text \<open>
  Write \<open>m\<^sub>k\<close> for the \<open>k\<close>-th moment of one summand \<open>\<xi>\<close>. Bernstein's condition bounds the
  \<open>k\<close>-th term \<open>\<lambda>\<^sup>k m\<^sub>k / k!\<close> of the moment series of \<open>E exp(\<lambda>\<xi>)\<close> by
  \<open>\<lambda>\<^sup>2 m\<^sub>2 / 2 \<cdot> (\<lambda>\<epsilon>)\<^sup>k\<^sup>-\<^sup>2\<close>, so this series, and that of \<open>E (\<lambda>\<xi> - 1) exp(\<lambda>\<xi>)\<close> whose terms carry
  an extra factor \<open>k - 1\<close>, are dominated by a geometric series and its derivative. As
  \<open>m\<^sub>1 = 0\<close>, this gives \<open>E exp(\<lambda>\<xi>) \<le> 1 + \<lambda>\<^sup>2 m\<^sub>2 / (2(1 - \<lambda>\<epsilon>))\<close>, which is summed over the
  variables by concavity of \<open>ln\<close>, and \<open>\<lambda> E \<xi> exp(\<lambda>\<xi>) - E exp(\<lambda>\<xi>) \<le> \<lambda>\<^sup>2 m\<^sub>2 / (2(1 - \<lambda>\<epsilon>)\<^sup>2) - 1\<close>,
  which together with \<open>1 \<le> E exp(\<lambda>\<xi>) = F\<close> and \<open>ln F \<ge> 1 - 1/F\<close> bounds each summand of
  \<open>\<lambda> T\<^sub>n - \<Psi>\<^sub>n\<close>. Expectation and summation are exchanged by dominated convergence, with
  dominating function \<open>C exp(\<lambda>'|\<xi>|)\<close> for some \<open>\<lambda> < \<lambda>' < 1/\<epsilon>\<close>; its integrability comes from
  the series of \<open>cosh(\<lambda>'\<xi>)\<close>, whose terms are nonnegative since only even moments occur.
\<close>

lemma exp_series_real: "(\<lambda>k. y ^ k / fact k) sums exp (y::real)"
  using exp_converges[of y] by (simp add: divide_inverse mult.commute)

lemma mult_exp_series_real: "(\<lambda>k. real k * y ^ k / fact k) sums (y * exp (y::real))"
proof -
  have "(\<lambda>k. y * (y ^ k / fact k)) sums (y * exp y)"
    by (intro sums_mult exp_series_real)
  then have "(\<lambda>k. real (Suc k) * y ^ Suc k / fact (Suc k)) sums (y * exp y)"
    by (simp add: fact_Suc divide_simps)
  then show ?thesis
    using sums_Suc_iff[of "\<lambda>k. real k * y ^ k / fact k"] by simp
qed

lemma exp_abs_le_two_cosh: "exp \<bar>y\<bar> \<le> 2 * cosh (y::real)"
  using exp_gt_zero[of y] exp_gt_zero[of "- y"] by (cases "0 \<le> y") (simp_all add: cosh_def)

lemma abs_mult_exp_plus_exp_le:
  fixes l l' t :: real
  assumes l: "0 \<le> l" "l < l'"
  shows "\<bar>l * t\<bar> * exp \<bar>l * t\<bar> + exp \<bar>l * t\<bar> \<le> (1 + l / (l' - l)) * exp (l' * \<bar>t\<bar>)"
proof -
  define d where "d = l' - l"
  have d: "d > 0" using l unfolding d_def by simp
  have "\<bar>t\<bar> * d \<le> exp (\<bar>t\<bar> * d)"
    using exp_ge_add_one_self[of "\<bar>t\<bar> * d"] by linarith
  then have "l * exp (l * \<bar>t\<bar>) * (\<bar>t\<bar> * d) \<le> l * exp (l * \<bar>t\<bar>) * exp (\<bar>t\<bar> * d)"
    using l by (intro mult_left_mono) auto
  then have "l * \<bar>t\<bar> * exp (l * \<bar>t\<bar>) \<le> l / d * (exp (\<bar>t\<bar> * d) * exp (l * \<bar>t\<bar>))"
    using d by (simp add: field_simps)
  also have "exp (\<bar>t\<bar> * d) * exp (l * \<bar>t\<bar>) = exp (l' * \<bar>t\<bar>)"
    unfolding d_def by (simp add: algebra_simps flip: exp_add)
  finally have "\<bar>l * t\<bar> * exp \<bar>l * t\<bar> \<le> l / d * exp (l' * \<bar>t\<bar>)"
    using l by (simp add: abs_mult)
  moreover have "exp \<bar>l * t\<bar> \<le> exp (l' * \<bar>t\<bar>)"
    using l by (simp add: abs_mult mult_right_mono)
  moreover have "(1 + l / d) * exp (l' * \<bar>t\<bar>) = exp (l' * \<bar>t\<bar>) + l / d * exp (l' * \<bar>t\<bar>)"
    by (simp add: distrib_right)
  ultimately show ?thesis
    unfolding d_def by linarith
qed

_WHAT YOU NEED TO DO_
Only the lines above from the line with "the series of" to the line with "using exp_converges[of y]", those two lines included, should be reproduced exactly.

_RESULT OF THIS EXERCISE_
  the series of \<open>cosh(\<lambda>'\<xi>)\<close>, whose terms are nonnegative since only even moments occur.
\<close>

lemma exp_series_real: "(\<lambda>k. y ^ k / fact k) sums exp (y::real)"
  using exp_converges[of y] by (simp add: divide_inverse mult.commute)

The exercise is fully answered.